Не превращу себя в благую весть!
Как монологичность первой части стихотворения Бродского, так и трепет второй перед тишиной, молчанием, покоем связывает лирического героя «Разговора…» с Дон Кихотом «Необходимости…»:
Ночная тишь…
Стучит башкой об стол, заснув, заочник.
Кирпичный будоражит позвоночник печная мышь.
И за окном толпа деревьев в деревянной раме,
как легкие на школьной диаграмме,
объята сном.
Но особым ключом к поэме Сурура, обучавшегося театральной режиссуре в Москве с 1958 по 1973 г., становится другой ее отрывок, посвященный восхвалению внутренней, априорной святости, не связанной со Всевышним и Его дарами:
Я увидел святых на дорогах, –
ни в кельях, ни в мечетях, ни в церквах,
ни в монастырях.
Они были обнажены,
они голодали, подобно сиротам на пиру,
они жаждали, как Христос, –
но ничего, кроме уксуса и желчи,
ему не дали на кресте […]
Тысячами они шли по трактам,
и над их головами висел на волоске меч […]
О, что за храбрость! Нет у них ни заклинаний,
ни покровов –
их слова суть волшебство – но не волшебство волхвов.

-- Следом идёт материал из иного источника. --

(* Let $v=v_1\cdots v_n$ be a word of distinct positive integers avoiding $31425,32415,31524,32514$, with positions of left-to-right maxima $a_1<\dots<a_h$ and of right-to-left maxima $b_1<\dots<b_g$ ($a_1=1$, $a_h=b_1$, $b_g=n$). Assume $h>1$, $g>1$, $a_h>h$ and $v_{a_{h-1}}<v_{b_2}$. Then exactly one of the following holds: (A-1) $a_h=a_{h-1}+1$; (A-2) $a_h>a_{h-1}+1$ and $b_2=a_h+1$; (A-3) $a_h>a_{h-1}+1$, $b_2>a_h+1$, and $v_j>v_{a_{h-1}}$ for all $a_h<j<b_2$.
   Context: A word of distinct positive integers avoids a pattern $P$ (a permutation of $[m]$) if no subsequence of length $m$ is order-isomorphic to $P$. A left-to-right (resp. right-to-left) maximum of $v$ is a letter $v_i$ greater than all letters to its left (resp. right). *)

theory Defs
  imports Main
begin

text \<open>Words are lists of naturals; positions are 1-indexed: letter i of v is v ! (i - 1).\<close>

definition letter :: "nat list \<Rightarrow> nat \<Rightarrow> nat" where
  "letter v i = v ! (i - 1)"

definition contains :: "nat list \<Rightarrow> nat list \<Rightarrow> bool" where
  "contains v P \<longleftrightarrow> (\<exists>idx. length idx = length P \<and> sorted_wrt (<) idx \<and>
      (\<forall>i\<in>set idx. i < length v) \<and>
      (\<forall>k<length P. \<forall>l<length P. (v ! (idx ! k) < v ! (idx ! l) \<longleftrightarrow> P ! k < P ! l)))"

definition avoids :: "nat list \<Rightarrow> nat list \<Rightarrow> bool" where
  "avoids v P \<longleftrightarrow> \<not> contains v P"

definition ltr_pos :: "nat list \<Rightarrow> nat set" where
  "ltr_pos v = {i. 1 \<le> i \<and> i \<le> length v \<and> (\<forall>j. 1 \<le> j \<and> j < i \<longrightarrow> letter v j < letter v i)}"

definition rtl_pos :: "nat list \<Rightarrow> nat set" where
  "rtl_pos v = {i. 1 \<le> i \<and> i \<le> length v \<and> (\<forall>j. i < j \<and> j \<le> length v \<longrightarrow> letter v j < letter v i)}"

text \<open>a v k = a_k (1-indexed), the k-th smallest left-to-right maximum position; similarly b.\<close>
definition apos :: "nat list \<Rightarrow> nat \<Rightarrow> nat" where
  "apos v k = sorted_list_of_set (ltr_pos v) ! (k - 1)"

definition bpos :: "nat list \<Rightarrow> nat \<Rightarrow> nat" where
  "bpos v k = sorted_list_of_set (rtl_pos v) ! (k - 1)"

end

theory Submission
  imports Defs
begin

text \<open>Every position is dominated by a left-to-right maximum at or before it. Hence the
last left-to-right maximum a_h beats every later letter, so v(b_2) < v(a_h), and the position
a_{h-1} + 1, lying strictly between two consecutive left-to-right maxima, has a letter below
v(a_{h-1}). So if a_h > a_{h-1} + 1 and some j with a_h < j < b_2 had v(j) < v(a_{h-1}), the
positions a_{h-1} < a_{h-1} + 1 < a_h < j < b_2 would carry an occurrence of 31524 or 32514.
The trichotomy is then a case distinction using a_{h-1} < a_h < b_2.\<close>

lemma sorted_list_of_set_nth_mem:
  assumes "finite S" "k < card S"
  shows "sorted_list_of_set S ! k \<in> S"
  using assms by (metis nth_mem length_sorted_list_of_set set_sorted_list_of_set)

lemma sorted_list_of_set_nth_less:
  assumes "finite S" "i < j" "j < card S"
  shows "sorted_list_of_set S ! i < sorted_list_of_set S ! j"
  using assms by (simp add: sorted_wrt_nth_less)

lemma le_sorted_list_of_set_last:
  assumes "finite S" "x \<in> S"
  shows "x \<le> sorted_list_of_set S ! (card S - 1)"
proof -
  obtain i where "i < card S" "x = sorted_list_of_set S ! i"
    using assms by (metis in_set_conv_nth length_sorted_list_of_set set_sorted_list_of_set)
  then show ?thesis by (simp add: sorted_nth_mono)
qed

lemma sorted_list_of_set_nth_Suc_le:
  assumes "finite S" "Suc k < card S" "x \<in> S" "sorted_list_of_set S ! k < x"
  shows "sorted_list_of_set S ! Suc k \<le> x"
proof -
  obtain i where i: "i < card S" "x = sorted_list_of_set S ! i"
    using assms by (metis in_set_conv_nth length_sorted_list_of_set set_sorted_list_of_set)
  have "\<not> i \<le> k" using i assms(2,4) by (auto simp: sorted_nth_mono leD)
  then show ?thesis using i by (simp add: sorted_nth_mono)
qed

lemma contains_if_positions:
  assumes "length ps = length P" "sorted_wrt (<) ps" "\<forall>i\<in>set ps. 1 \<le> i \<and> i \<le> length v"
    and "\<forall>k<length P. \<forall>l<length P. letter v (ps ! k) < letter v (ps ! l) \<longleftrightarrow> P ! k < P ! l"
  shows "contains v P"
  unfolding contains_def
proof (intro exI conjI)
  let ?idx = "map (\<lambda>i. i - 1) ps"
  show "length ?idx = length P" using assms(1) by simp
  show "sorted_wrt (<) ?idx"
    using assms(2,3) by (auto simp: sorted_wrt_map elim!: sorted_wrt_mono_rel[rotated])
  show "\<forall>i\<in>set ?idx. i < length v" using assms(3) by auto
  show "\<forall>k<length P. \<forall>l<length P. (v ! (?idx ! k) < v ! (?idx ! l)) = (P ! k < P ! l)"
    using assms(1,4) by (simp add: letter_def)
qed

lemma contains_31524_or_32514:
  assumes "1 \<le> i1" "i1 < i2" "i2 < i3" "i3 < i4" "i4 < i5" "i5 \<le> length v"
    and "letter v i2 \<noteq> letter v i4"
    and "letter v i2 < letter v i1" "letter v i4 < letter v i1"
    and "letter v i1 < letter v i5" "letter v i5 < letter v i3"
  shows "contains v [3,1,5,2,4] \<or> contains v [3,2,5,1,4]"
proof (cases "letter v i2 < letter v i4")
  case True
  then have "contains v [3,1,5,2,4]"
    using assms by (intro contains_if_positions[where ps = "[i1,i2,i3,i4,i5]"])
      (simp_all add: less_Suc_eq all_conj_distrib numeral_eq_Suc)
  then show ?thesis ..
next
  case False
  with assms(7) have "letter v i4 < letter v i2" by simp
  then have "contains v [3,2,5,1,4]"
    using assms by (intro contains_if_positions[where ps = "[i1,i2,i3,i4,i5]"])
      (simp_all add: less_Suc_eq all_conj_distrib numeral_eq_Suc)
  then show ?thesis ..
qed

lemma finite_ltr_pos: "finite (ltr_pos v)"
  unfolding ltr_pos_def by (rule finite_subset[of _ "{..length v}"]) auto

lemma finite_rtl_pos: "finite (rtl_pos v)"
  unfolding rtl_pos_def by (rule finite_subset[of _ "{..length v}"]) auto

lemma ltr_pos_le_rtl_pos:
  assumes "i \<in> ltr_pos v" "j \<in> rtl_pos v"
  shows "i \<le> j"
proof (rule ccontr)
  assume "\<not> i \<le> j"
  with assms have "letter v j < letter v i" and "letter v i < letter v j"
    unfolding ltr_pos_def rtl_pos_def by auto
  then show False by simp
qed

lemma letter_eq_iff:
  assumes "distinct v" "1 \<le> i" "i \<le> length v" "1 \<le> j" "j \<le> length v"
  shows "letter v i = letter v j \<longleftrightarrow> i = j"
  using assms unfolding letter_def by (auto simp: nth_eq_iff_index_eq)

lemma ltr_pos_dominates:
  assumes "1 \<le> j" "j \<le> length v"
  shows "\<exists>m\<in>ltr_pos v. m \<le> j \<and> letter v j \<le> letter v m"
  using assms
proof (induction j rule: less_induct)
  case (less j)
  show ?case
  proof (cases "j \<in> ltr_pos v")
    case False
    with less.prems obtain q where q: "1 \<le> q" "q < j" "letter v j \<le> letter v q"
      unfolding ltr_pos_def by (auto simp: not_less)
    with less.IH[of q] less.prems obtain m where "m \<in> ltr_pos v" "m \<le> q" "letter v q \<le> letter v m"
      by auto
    with q show ?thesis by (meson le_trans less_imp_le)
  qed auto
qed

lemma letter_less_before_next_ltr_pos:
  assumes "distinct v" "a \<in> ltr_pos v" "a < p" "p \<le> length v"
    and "\<forall>m\<in>ltr_pos v. a < m \<longrightarrow> p < m"
  shows "letter v p < letter v a"
proof -
  have a: "1 \<le> a" "a \<le> length v" using assms(2) unfolding ltr_pos_def by auto
  obtain m where m: "m \<in> ltr_pos v" "m \<le> p" "letter v p \<le> letter v m"
    using ltr_pos_dominates[of p v] a assms(3,4) by auto
  have "m \<le> a" using assms(5) m(1,2) by (meson not_le)
  then have "letter v m \<le> letter v a"
    using assms(2) m(1) unfolding ltr_pos_def by (auto simp: le_less)
  moreover have "letter v p \<noteq> letter v a"
    using letter_eq_iff[OF assms(1)] a assms(3,4) by simp
  ultimately show ?thesis using m(3) by simp
qed

lemma apos_mem: "0 < k \<Longrightarrow> k \<le> card (ltr_pos v) \<Longrightarrow> apos v k \<in> ltr_pos v"
  unfolding apos_def by (simp add: sorted_list_of_set_nth_mem finite_ltr_pos)

lemma apos_less: "0 < i \<Longrightarrow> i < j \<Longrightarrow> j \<le> card (ltr_pos v) \<Longrightarrow> apos v i < apos v j"
  unfolding apos_def by (simp add: sorted_list_of_set_nth_less finite_ltr_pos)

lemma ltr_pos_le_apos_card: "m \<in> ltr_pos v \<Longrightarrow> m \<le> apos v (card (ltr_pos v))"
  using le_sorted_list_of_set_last[OF finite_ltr_pos] unfolding apos_def by simp

lemma apos_Suc_le:
  assumes "0 < k" "k < card (ltr_pos v)" "m \<in> ltr_pos v" "apos v k < m"
  shows "apos v (Suc k) \<le> m"
  using assms sorted_list_of_set_nth_Suc_le[OF finite_ltr_pos, of "k - 1" v m]
  unfolding apos_def by simp

lemma bpos_mem: "0 < k \<Longrightarrow> k \<le> card (rtl_pos v) \<Longrightarrow> bpos v k \<in> rtl_pos v"
  unfolding bpos_def by (simp add: sorted_list_of_set_nth_mem finite_rtl_pos)

lemma bpos_less: "0 < i \<Longrightarrow> i < j \<Longrightarrow> j \<le> card (rtl_pos v) \<Longrightarrow> bpos v i < bpos v j"
  unfolding bpos_def by (simp add: sorted_list_of_set_nth_less finite_rtl_pos)

lemma letter_gt_in_ltr_gap:
  assumes "distinct v" "avoids v [3,1,5,2,4]" "avoids v [3,2,5,1,4]"
    and "a \<in> ltr_pos v" "a + 1 < a'" "\<forall>m\<in>ltr_pos v. a < m \<longrightarrow> a' \<le> m"
    and "a' < j" "j < b" "b \<le> length v"
    and "letter v a < letter v b" "letter v b < letter v a'"
  shows "letter v a < letter v j"
proof (rule ccontr)
  assume "\<not> letter v a < letter v j"
  have a: "1 \<le> a" using assms(4) unfolding ltr_pos_def by simp
  have "letter v j \<noteq> letter v a"
    using letter_eq_iff[OF assms(1)] a assms(5,7-9) by simp
  with \<open>\<not> letter v a < letter v j\<close> have j: "letter v j < letter v a" by simp
  have succ: "letter v (a + 1) < letter v a"
    using assms(4-9) by (intro letter_less_before_next_ltr_pos[OF assms(1)]) auto
  have "letter v (a + 1) \<noteq> letter v j"
    using letter_eq_iff[OF assms(1)] assms(5,7-9) by simp
  then have "contains v [3,1,5,2,4] \<or> contains v [3,2,5,1,4]"
    using a assms(5,7-11) succ j by (intro contains_31524_or_32514[of a "a + 1" a' j b]) auto
  with assms(2,3) show False unfolding avoids_def by blast
qed

theorem lemma3p9:
  fixes v :: "nat list" and h g :: nat
  assumes "distinct v" and "\<forall>x\<in>set v. 0 < x"
    and "avoids v [3,1,4,2,5]" and "avoids v [3,2,4,1,5]"
    and "avoids v [3,1,5,2,4]" and "avoids v [3,2,5,1,4]"
    and "h = card (ltr_pos v)" and "g = card (rtl_pos v)"
    and "h > 1" and "g > 1" and "apos v h > h"
    and "letter v (apos v (h - 1)) < letter v (bpos v 2)"
  shows "let A1 = (apos v h = apos v (h - 1) + 1);
             A2 = (apos v h > apos v (h - 1) + 1 \<and> bpos v 2 = apos v h + 1);
             A3 = (apos v h > apos v (h - 1) + 1 \<and> bpos v 2 > apos v h + 1 \<and>
                   (\<forall>j. apos v h < j \<and> j < bpos v 2 \<longrightarrow> letter v j > letter v (apos v (h - 1))))
         in (A1 \<and> \<not> A2 \<and> \<not> A3) \<or> (\<not> A1 \<and> A2 \<and> \<not> A3) \<or> (\<not> A1 \<and> \<not> A2 \<and> A3)"
proof -
  define a a' b where "a = apos v (h - 1)" and "a' = apos v h" and "b = bpos v 2"
  have a: "a \<in> ltr_pos v" and a': "a' \<in> ltr_pos v" and "a < a'"
    using apos_mem apos_less assms(7,9) unfolding a_def a'_def by auto
  have next_a: "\<forall>m\<in>ltr_pos v. a < m \<longrightarrow> a' \<le> m"
    using apos_Suc_le[of "h - 1" v] assms(7,9) unfolding a_def a'_def by simp
  have max: "\<forall>m\<in>ltr_pos v. m \<le> a'"
    using ltr_pos_le_apos_card assms(7) unfolding a'_def by simp
  have b1: "bpos v 1 \<in> rtl_pos v" and "b \<in> rtl_pos v" and "bpos v 1 < b"
    using bpos_mem bpos_less assms(8,10) unfolding b_def by auto
  then have "a' < b" "b \<le> length v"
    using ltr_pos_le_rtl_pos[OF a' b1] unfolding rtl_pos_def by auto
  then have "letter v b < letter v a'"
    using letter_less_before_next_ltr_pos[OF assms(1) a'] max by (meson not_le)
  then have gap: "letter v a < letter v j" if "a + 1 < a'" "a' < j" "j < b" for j
    using letter_gt_in_ltr_gap[OF assms(1,5,6) a that(1) next_a that(2,3)] \<open>b \<le> length v\<close>
      assms(12) unfolding a_def b_def by blast
  show ?thesis
    unfolding Let_def a_def[symmetric] a'_def[symmetric] b_def[symmetric]
    using gap \<open>a < a'\<close> \<open>a' < b\<close> by auto
qed

end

Несомненное сходство смыслов отсылает нас к эпохальным «Пилигримам» (1958) Бродского:
Мимо ристалищ, капищ,
мимо храмов и баров,
мимо шикарных кладбищ,
мимо больших базаров,
мира и горя мимо,
мимо Мекки и Рима,
синим солнцем палимы,
идут по земле пилигримы.
Увечны они, горбаты,
голодны, полуодеты,
глаза их полны заката,
сердца их полны рассвета.
«Святые» Сурура «подобны голубям», полет которых будет продолжаться до бесконечности, невзирая на смерть, – так же как и «пилигримы» Бродского, которым «остались только иллюзия и дорога». Таким образом, Дон Кихот «Необходимости необходимого» через свои монологи и диалоги проповедует метафизические построения Бродского, чье творчество было хорошо известно автору по его «европейской» биографиче ской вехе. Лик Дон Кихота Сервантеса, поражавший арабских литераторов, прежде всего прочего, своим «милитаристским оптимизмом», заслоняется у Сурура бледным, усталым ликом поэта-философа.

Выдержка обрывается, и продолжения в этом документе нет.